Nothing makes sense in deep learning, except in the light of evolution
This offers a novel framework for understanding deep learning's progress, potentially advancing both AI and evolutionary biology, though it is incremental in applying existing biological concepts to a new domain.
The paper proposes that the success of deep learning can be explained by viewing it through the lens of cultural evolution, specifically by analyzing how algorithms evolve over time and identifying developmental deconstraints that facilitate innovation and implementation.
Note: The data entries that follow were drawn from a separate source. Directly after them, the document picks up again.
lemma quasiconvex_seq_mono_from:
  fixes h :: "nat \<Rightarrow> 'a::linorder"
  assumes qc: "\<And>j. a < j \<Longrightarrow> j < b \<Longrightarrow> h j < max (h (j - 1)) (h (j + 1))"
    and "a \<le> k" "k \<le> j" "j < b" and "h k \<le> h (k + 1)"
  shows "h j \<le> h (j + 1)"
  using \<open>k \<le> j\<close> \<open>j < b\<close>
proof (induction j rule: dec_induct)
  case base
  then show ?case using assms(5) by simp
next
  case (step m)
  then have "h (Suc m) < max (h m) (h (Suc m + 1))"
    using qc[of "Suc m"] \<open>a \<le> k\<close> by simp
  then show ?case using step by (simp add: max_def split: if_splits)
qed

lemma quasiconvex_seq_less_before:
  fixes h :: "nat \<Rightarrow> 'a::linorder"
  assumes qc: "\<And>j. a < j \<Longrightarrow> j < b \<Longrightarrow> h j < max (h (j - 1)) (h (j + 1))"
    and "a \<le> i" "i \<le> k" "k < b" and "h (k + 1) < h k"
  shows "h (k + 1) < h i"
proof -
  have "h (k + 1) < h i \<and> h (i + 1) < h i"
    using \<open>i \<le> k\<close>
  proof (induction i rule: inc_induct)
    case base
    then show ?case using assms(5) by simp
  next
    case (step m)
    then have "h (Suc m) < max (h m) (h (Suc m + 1))"
      using qc[of "Suc m"] \<open>a \<le> i\<close> \<open>k < b\<close> by simp
    then show ?case using step by (auto simp: max_def split: if_splits)
  qed
  then show ?thesis ..
qed

lemma partial_sum_average_le:
  fixes h :: "nat \<Rightarrow> real"
  assumes before: "\<And>k. 1 \<le> k \<Longrightarrow> k < J \<Longrightarrow> real k * h (k + 1) < (\<Sum>i=1..k. h i)"
    and "k \<le> J"
  shows "real k * (\<Sum>i=1..J. h i) \<le> real J * (\<Sum>i=1..k. h i)"
proof (cases "k = 0")
  case False
  show ?thesis
    using \<open>k \<le> J\<close>
  proof (induction J rule: dec_induct)
    case (step m)
    have "real m * (real k * h (m + 1)) \<le> real k * (\<Sum>i=1..m. h i)"
      using before[of m] step False by (simp add: mult.left_commute mult_left_mono less_imp_le)
    also have "\<dots> \<le> real m * (\<Sum>i=1..k. h i)" using step.IH .
    finally have "real k * h (m + 1) \<le> (\<Sum>i=1..k. h i)"
      using step False by (simp add: mult_le_cancel_left)
    then show ?case using step.IH by (simp add: algebra_simps)
  qed simp
qed simp

lemma trans_index_spec:
  fixes W :: "real \<Rightarrow> real" and N np :: nat
  assumes "1 \<le> np"
  defines "J \<equiv> trans_index W N np" and "h \<equiv> hplus W N np"
  shows "1 \<le> J \<and> J \<le> np \<and> (J < np \<longrightarrow> (\<Sum>j=1..J. h j) \<le> real J * h (J + 1))"
  unfolding J_def h_def trans_index_def
  by (rule LeastI2[where a = np]) (use assms in auto)

lemma trans_index_minimal:
  assumes "1 \<le> np" "1 \<le> k" "k < trans_index W N np"
  shows "real k * hplus W N np (k + 1) < (\<Sum>j=1..k. hplus W N np j)"
proof -
  have "k < np" using trans_index_spec[OF assms(1), of W N] assms(3) by linarith
  with assms show ?thesis
    using not_less_Least[of k] unfolding trans_index_def by fastforce
qed

lemma hplus_mono_from_trans_index:
  assumes "inverse_S_shaped W" "1 \<le> np" "np \<le> N" "trans_index W N np \<le> j" "j < np"
  shows "hplus W N np j \<le> hplus W N np (j + 1)"
proof -
  define h where "h = hplus W N np"
  define J where "J = trans_index W N np"
  have qc: "\<And>j. 1 < j \<Longrightarrow> j < np \<Longrightarrow> h j < max (h (j - 1)) (h (j + 1))"
    unfolding h_def using hplus_quasiconvex[OF assms(1)] assms(3) by blast
  have J: "1 \<le> J" "J < np" "(\<Sum>i=1..J. h i) \<le> real J * h (J + 1)"
    using trans_index_spec[OF assms(2), of W N] assms(4,5) by (auto simp: h_def J_def)
  \<comment> \<open>Otherwise h would decrease strictly up to J + 1, so h (J + 1) would lie below
      the average of h 1 .. h J.\<close>
  have "h J \<le> h (J + 1)"
  proof (rule ccontr)
    assume "\<not> h J \<le> h (J + 1)"
    then have "h (J + 1) < h i" if "i \<in> {1..J}" for i
      using quasiconvex_seq_less_before[OF qc] J that by simp
    then have "(\<Sum>i=1..J. h (J + 1)) < (\<Sum>i=1..J. h i)"
      using J by (intro sum_strict_mono) auto
    then show False using J by simp
  qed
  moreover have "J \<le> j" using assms(4) by (simp add: J_def)
  ultimately have "h j \<le> h (j + 1)"
    using quasiconvex_seq_mono_from[OF qc J(1) _ assms(5)] by blast
  then show ?thesis by (simp add: h_def)
qed

theorem corollary1:
  fixes N np :: nat and \<alpha> v :: real and W :: "real \<Rightarrow> real"
  assumes "0 < \<alpha>" "\<alpha> < 1" "1 \<le> np" "np \<le> N"
    and "inverse_S_shaped W" "W 0 = 0" "W 1 = 1"
    and "0 \<le> v"
  defines "h \<equiv> hplus W N np" and "J \<equiv> trans_index W N np"
  defines "val \<equiv> v powr (1 / \<alpha>) * real J /
      ((((\<Sum>j=1..J. h j) powr (1 / (1 - \<alpha>))) +
        (\<Sum>j=J+1..np. (real J powr \<alpha> * h j) powr (1 / (1 - \<alpha>)))) powr ((1 - \<alpha>) / \<alpha>))"
  shows "(\<exists>y\<in>feasible W N np v. objective \<alpha> np y = val) \<and>
         (\<forall>y\<in>feasible W N np v. val \<le> objective \<alpha> np y)"
proof -
  have h_pos: "\<And>j. 1 \<le> j \<Longrightarrow> j \<le> np \<Longrightarrow> 0 < h j"
    using assms(4,5) hplus_pos unfolding h_def inverse_S_shaped_def by blast
  have J: "1 \<le> J" "J \<le> np" "J < np \<Longrightarrow> (\<Sum>j=1..J. h j) \<le> real J * h (J + 1)"
    using trans_index_spec[OF assms(3), of W N] unfolding h_def J_def by auto
  have avg: "\<And>k. k \<le> J \<Longrightarrow> real k * (\<Sum>i=1..J. h i) \<le> real J * (\<Sum>i=1..k. h i)"
    using partial_sum_average_le trans_index_minimal[OF assms(3)] unfolding h_def J_def by blast
  have g_mono: "\<And>j. 1 \<le> j \<Longrightarrow> j < np \<Longrightarrow> pooled_weight h J j \<le> pooled_weight h J (j + 1)"
    using pooled_weight_mono_step[OF J(1) J(3)] hplus_mono_from_trans_index[OF assms(5,3,4)]
    unfolding h_def J_def by blast
  have "val = v powr (1 / \<alpha>) /
      (\<Sum>j=1..np. pooled_weight h J j powr (1 / (1 - \<alpha>))) powr ((1 - \<alpha>) / \<alpha>)"
    unfolding val_def using pooled_value_eq[OF assms(1,2) J(1,2)] h_pos by (simp add: less_imp_le)
  then show ?thesis
    using monotone_powr_sum_min[OF assms(1,2,8) J(1,2) h_pos avg g_mono]
    unfolding feasible_def objective_def h_def by simp
qed

end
Deep Learning (DL) is a surprisingly successful branch of machine learning. The success of DL is usually explained by focusing analysis on a particular recent algorithm and its traits. Instead, we propose that an explanation of the success of DL must look at the population of all algorithms in the field and how they have evolved over time. We argue that cultural evolution is a useful framework to explain the success of DL. In analogy to biology, we use `development' to mean the process converting the pseudocode or text description of an algorithm into a fully trained model. This includes writing the programming code, compiling and running the program, and training the model. If all parts of the process don't align well then the resultant model will be useless (if the code runs at all!). This is a constraint. A core component of evolutionary developmental biology is the concept of deconstraints -- these are modification to the developmental process that avoid complete failure by automatically accommodating changes in other components. We suggest that many important innovations in DL, from neural networks themselves to hyperparameter optimization and AutoGrad, can be seen as developmental deconstraints. These deconstraints can be very helpful to both the particular algorithm in how it handles challenges in implementation and the overall field of DL in how easy it is for new ideas to be generated. We highlight how our perspective can both advance DL and lead to new insights for evolutionary biology.